● **Data excerpts**:
======
lemma Wz_Wzbar_VolF:
  assumes "Area z > 0" "i \<in> {1, 2, 3}" "j \<in> {1, 2, 3}"
  shows "Wz i (Wzbar j VolF) z
           = - of_real (Im (shape z) / (2 * (cmod (shape z))\<^sup>2 * (cmod (1 - shape z))\<^sup>2))
             * shape_deriv i z * cnj (shape_deriv j z)"
proof -
  define \<kappa> :: complex where "\<kappa> = of_real (Im (shape z) / (2 * (cmod (shape z))\<^sup>2 * (cmod (1 - shape z))\<^sup>2))"
  have distinct: "z 2 \<noteq> z 1"
    by (rule Area_pos_imp_vertices_distinct[OF assms(1)])
  obtain q where q: "has_wirtinger_derivs bloch_wigner_dbar (- \<kappa>) q (shape z)"
    using has_wirtinger_derivs_bloch_wigner_dbar[OF Area_pos_imp_Im_shape_pos[OF assms(1)]]
    unfolding \<kappa>_def ..
  have dbar: "((\<lambda>t. bloch_wigner_dbar (shape (z(i := z i + of_real t * c)))) has_vector_derivative
      - \<kappa> * (shape_deriv i z * c) + q * cnj (shape_deriv i z * c)) (at 0)" for c
    by (rule has_vector_derivative_wirtinger_compose
          [OF has_field_derivative_shape_move_vertex[OF assms(2) distinct]]) (simp add: q)
  obtain D where D: "((\<lambda>s. shape_deriv j (z(i := z i + s))) has_field_derivative D) (at 0)"
    using shape_deriv_move_vertex_field_differentiable[OF distinct]
    by (auto simp: field_differentiable_def)
  have "((\<lambda>t. Wzbar j VolF (z(i := z i + of_real t * c))) has_vector_derivative
      (- \<kappa> * shape_deriv i z * cnj (shape_deriv j z)) * c
      + (q * cnj (shape_deriv i z) * cnj (shape_deriv j z) + bloch_wigner_dbar (shape z) * cnj D) * cnj c)
      (at 0)" for c
  proof (rule has_vector_derivative_transform_within_open)
    show "open {t::real. 0 < Area (z(i := z i + of_real t * c))}"
      unfolding fun_upd_add_eq Area_def
      by (intro open_Collect_less continuous_intros) simp
    show "0 \<in> {t::real. 0 < Area (z(i := z i + of_real t * c))}"
      using assms(1) by simp
    show "bloch_wigner_dbar (shape (z(i := z i + of_real t * c))) * cnj (shape_deriv j (z(i := z i + of_real t * c)))
        = Wzbar j VolF (z(i := z i + of_real t * c))"
      if "t \<in> {t. 0 < Area (z(i := z i + of_real t * c))}" for t
      using Wzbar_VolF[OF _ assms(3)] that by simp
    show "((\<lambda>t. bloch_wigner_dbar (shape (z(i := z i + of_real t * c)))
          * cnj (shape_deriv j (z(i := z i + of_real t * c)))) has_vector_derivative
        (- \<kappa> * shape_deriv i z * cnj (shape_deriv j z)) * c
        + (q * cnj (shape_deriv i z) * cnj (shape_deriv j z) + bloch_wigner_dbar (shape z) * cnj D) * cnj c)
        (at 0)"
      using has_vector_derivative_mult[OF dbar[of c] bounded_linear.has_vector_derivative
              [OF bounded_linear_cnj has_vector_derivative_along_real_multiples[OF D, of c]]]
      by (simp add: algebra_simps)
  qed
  then show ?thesis
    unfolding \<kappa>_def by (rule Wz_Wzbar_of_directional(1))
qed
lemma sum_\<mu>_at: "v \<in> V \<Longrightarrow> (\<Sum>T\<in>classes_at v. c * \<mu> T) = c"
  using fractional_coloring_class_weights(2)[OF finite_V coloring] k_pos
  unfolding Ind_def \<mu>_def classes_at_def by (simp add: sum_distrib_left[symmetric])

text \<open>A single colour set of measure one needs k \<ge> 1.\<close>
lemma one_le_k: "v \<in> V \<Longrightarrow> 1 \<le> k"
  using frac_color_setD(4)[OF fractional_coloringD(1)[OF coloring]] .

text \<open>The layers of [0,m): one layer of measure \<mu> T for every independent set T and a spare layer of
  measure \<epsilon>, all independent of the precolouring.  A vertex far from W will use the layers of the
  independent sets containing it, imitating the colouring f.\<close>
definition layer_index :: "'a set option set" where "layer_index = insert None (Some ` Ind)"

definition weight :: "'a set option \<Rightarrow> real" where
  "weight j = (case j of None \<Rightarrow> \<epsilon> / m | Some T \<Rightarrow> \<mu> T / m)"

definition is_layering :: "('a set option \<Rightarrow> real set) \<Rightarrow> bool" where
  "is_layering L \<longleftrightarrow> (\<forall>j\<in>layer_index. region (L j)) \<and> disjoint_family_on L layer_index
     \<and> (\<forall>j\<in>layer_index. measure lebesgue (L j) = weight j * m)
     \<and> (\<forall>j\<in>layer_index. \<forall>w\<in>W. measure lebesgue (L j \<inter> p w) = weight j)"

text \<open>Such layers exist by lebesgue_independent_partition, since the weights add up to (\<epsilon> + k) / m = 1.\<close>
lemma layering_exists: "\<exists>L. is_layering L"
proof -
  have "sum weight layer_index = \<epsilon> / m + (\<Sum>T\<in>Ind. \<mu> T / m)"
    unfolding layer_index_def using finite_Ind
    by (simp add: sum.reindex weight_def)
  also have "\<dots> = \<epsilon> / m + k / m" using sum_\<mu> by (simp add: sum_divide_distrib[symmetric])
  also have "\<dots> = (\<epsilon> + k) / m" by (rule add_divide_distrib[symmetric])
  also have "\<dots> = 1" using m_pos by (simp add: add.commute)
  finally have sum_weight: "sum weight layer_index = 1" .
  have "\<exists>L. (\<forall>j\<in>layer_index. L j \<in> sets lebesgue \<and> L j \<subseteq> {0..<m}) \<and> disjoint_family_on L layer_index
      \<and> (\<forall>j\<in>layer_index. measure lebesgue (L j) = weight j * measure lebesgue {0..<m})
      \<and> (\<forall>j\<in>layer_index. \<forall>w\<in>W. measure lebesgue (L j \<inter> p w) = weight j * measure lebesgue ({0..<m} \<inter> p w))"
  proof (rule lebesgue_independent_partition[where a=0 and b=m])
    show "finite W" using finite_V W_sub finite_subset by blast
    show "\<forall>w\<in>W. p w \<in> sets lebesgue" using precoloring_region region_sets by blast
    show "finite layer_index" using finite_Ind unfolding layer_index_def by simp
    show "\<forall>j\<in>layer_index. 0 \<le> weight j"
      using eps_pos m_pos unfolding layer_index_def weight_def \<mu>_def by auto
  qed (use sum_weight in auto)
  then obtain L where L: "\<forall>j\<in>layer_index. L j \<in> sets lebesgue \<and> L j \<subseteq> {0..<m}"
    "disjoint_family_on L layer_index"
    "\<forall>j\<in>layer_index. measure lebesgue (L j) = weight j * measure lebesgue {0..<m}"
    "\<forall>j\<in>layer_index. \<forall>w\<in>W. measure lebesgue (L j \<inter> p w) = weight j * measure lebesgue ({0..<m} \<inter> p w)"
    by blast
  have "{0..<m} \<inter> p w = p w" if "w \<in> W" for w using precoloring_region[OF that] unfolding region_def by blast
  then have "is_layering L"
    using L m_pos measure_precoloring unfolding is_layering_def region_def by simp
  then show ?thesis by blast
qed

definition layers :: "'a set option \<Rightarrow> real set" where "layers = (SOME L. is_layering L)"

definition layer :: "'a set \<Rightarrow> real set" where "layer T = layers (Some T)"

definition spare :: "real set" where "spare = layers None"

lemma layers_is_layering: "is_layering layers"
  unfolding layers_def using layering_exists by (rule someI_ex)

lemma region_layer: "T \<in> Ind \<Longrightarrow> region (layer T)"
  and region_spare: "region spare"
  and measure_layer: "T \<in> Ind \<Longrightarrow> measure lebesgue (layer T) = \<mu> T"
  and measure_spare: "measure lebesgue spare = \<epsilon>"
  and measure_layer_in: "T \<in> Ind \<Longrightarrow> w \<in> W \<Longrightarrow> measure lebesgue (layer T \<inter> p w) = \<mu> T / m"
  and measure_spare_in: "w \<in> W \<Longrightarrow> measure lebesgue (spare \<inter> p w) = \<epsilon> / m"
  using layers_is_layering m_pos unfolding is_layering_def layer_def spare_def layer_index_def weight_def by auto

lemma layer_disjoint: "T \<in> Ind \<Longrightarrow> T' \<in> Ind \<Longrightarrow> T \<noteq> T' \<Longrightarrow> layer T \<inter> layer T' = {}"
  and layer_spare_disjoint: "T \<in> Ind \<Longrightarrow> layer T \<inter> spare = {}"
  using layers_is_layering unfolding is_layering_def disjoint_family_on_def layer_def spare_def layer_index_def
  by auto

text \<open>Near a precoloured vertex w, each layer of an independent set T \<ni> w hands over the amount
  transfer w T; the transfers add up to \<epsilon> / m, which is exactly the part of the spare layer inside p w.\<close>
definition transfer :: "'a \<Rightarrow> 'a set \<Rightarrow> real" where
  "transfer w T = (if w \<in> T then \<epsilon> / m * \<mu> T else 0)"

lemma transfer_nonneg: "0 \<le> transfer w T"
  using eps_pos m_pos unfolding transfer_def \<mu>_def by simp

lemma sum_transfer:
  assumes "w \<in> W"
  shows "(\<Sum>T\<in>Ind. transfer w T) = \<epsilon> / m"
proof -
  have "(\<Sum>T\<in>Ind. transfer w T) = (\<Sum>T\<in>classes_at w. \<epsilon> / m * \<mu> T)"
    unfolding transfer_def classes_at_def by (rule sum.inter_filter[OF finite_Ind, symmetric])
  also have "\<dots> = \<epsilon> / m" using assms W_sub by (intro sum_\<mu>_at) blast
  finally show ?thesis .
qed

lemma measure_layer_out:
  assumes "w \<in> W" "T \<in> Ind"
  shows "measure lebesgue (layer T - p w) = (1 - 1 / m) * \<mu> T"
proof -
  have "layer T - p w = layer T - (layer T \<inter> p w)" by blast
  moreover have "layer T \<inter> p w \<in> sets lebesgue"
    using region_sets[OF region_layer[OF assms(2)]] region_sets[OF precoloring_region[OF assms(1)]] by blast
  ultimately have "measure lebesgue (layer T - p w) = measure lebesgue (layer T) - measure lebesgue (layer T \<inter> p w)"
    using measure_region_Diff[OF region_layer[OF assms(2)]] by simp
  then show ?thesis using measure_layer[OF assms(2)] measure_layer_in[OF assms(2,1)] by (simp add: algebra_simps)
qed

text \<open>The amount handed over fits into the part of the layer outside p w; this uses k \<ge> 1.\<close>
lemma transfer_le_layer_out:
  assumes "w \<in> W" "T \<in> Ind"
  shows "transfer w T \<le> measure lebesgue (layer T - p w)"
proof -
  have "\<epsilon> \<le> m - 1" using one_le_k[of w] assms(1) W_sub by auto
  then have "\<epsilon> / m \<le> (m - 1) / m" using m_pos by (intro divide_right_mono) auto
  also have "\<dots> = 1 - 1 / m" using m_pos by (simp add: diff_divide_distrib)
  finally have "\<epsilon> / m \<le> 1 - 1 / m" .
  then have "\<epsilon> / m * \<mu> T \<le> (1 - 1 / m) * \<mu> T" unfolding \<mu>_def by (rule mult_right_mono) simp
  then show ?thesis
    using measure_layer_out[OF assms] measure_nonneg[of lebesgue "layer T - p w"] unfolding transfer_def by auto
qed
======
● **EXERCISE GOAL**: Show every line of the entries above where the word "that" occurs.

● **ANSWER TO THIS TASK**:
      using Wzbar_VolF[OF _ assms(3)] that by simp
  have "{0..<m} \<inter> p w = p w" if "w \<in> W" for w using precoloring_region[OF that] unfolding region_def by blast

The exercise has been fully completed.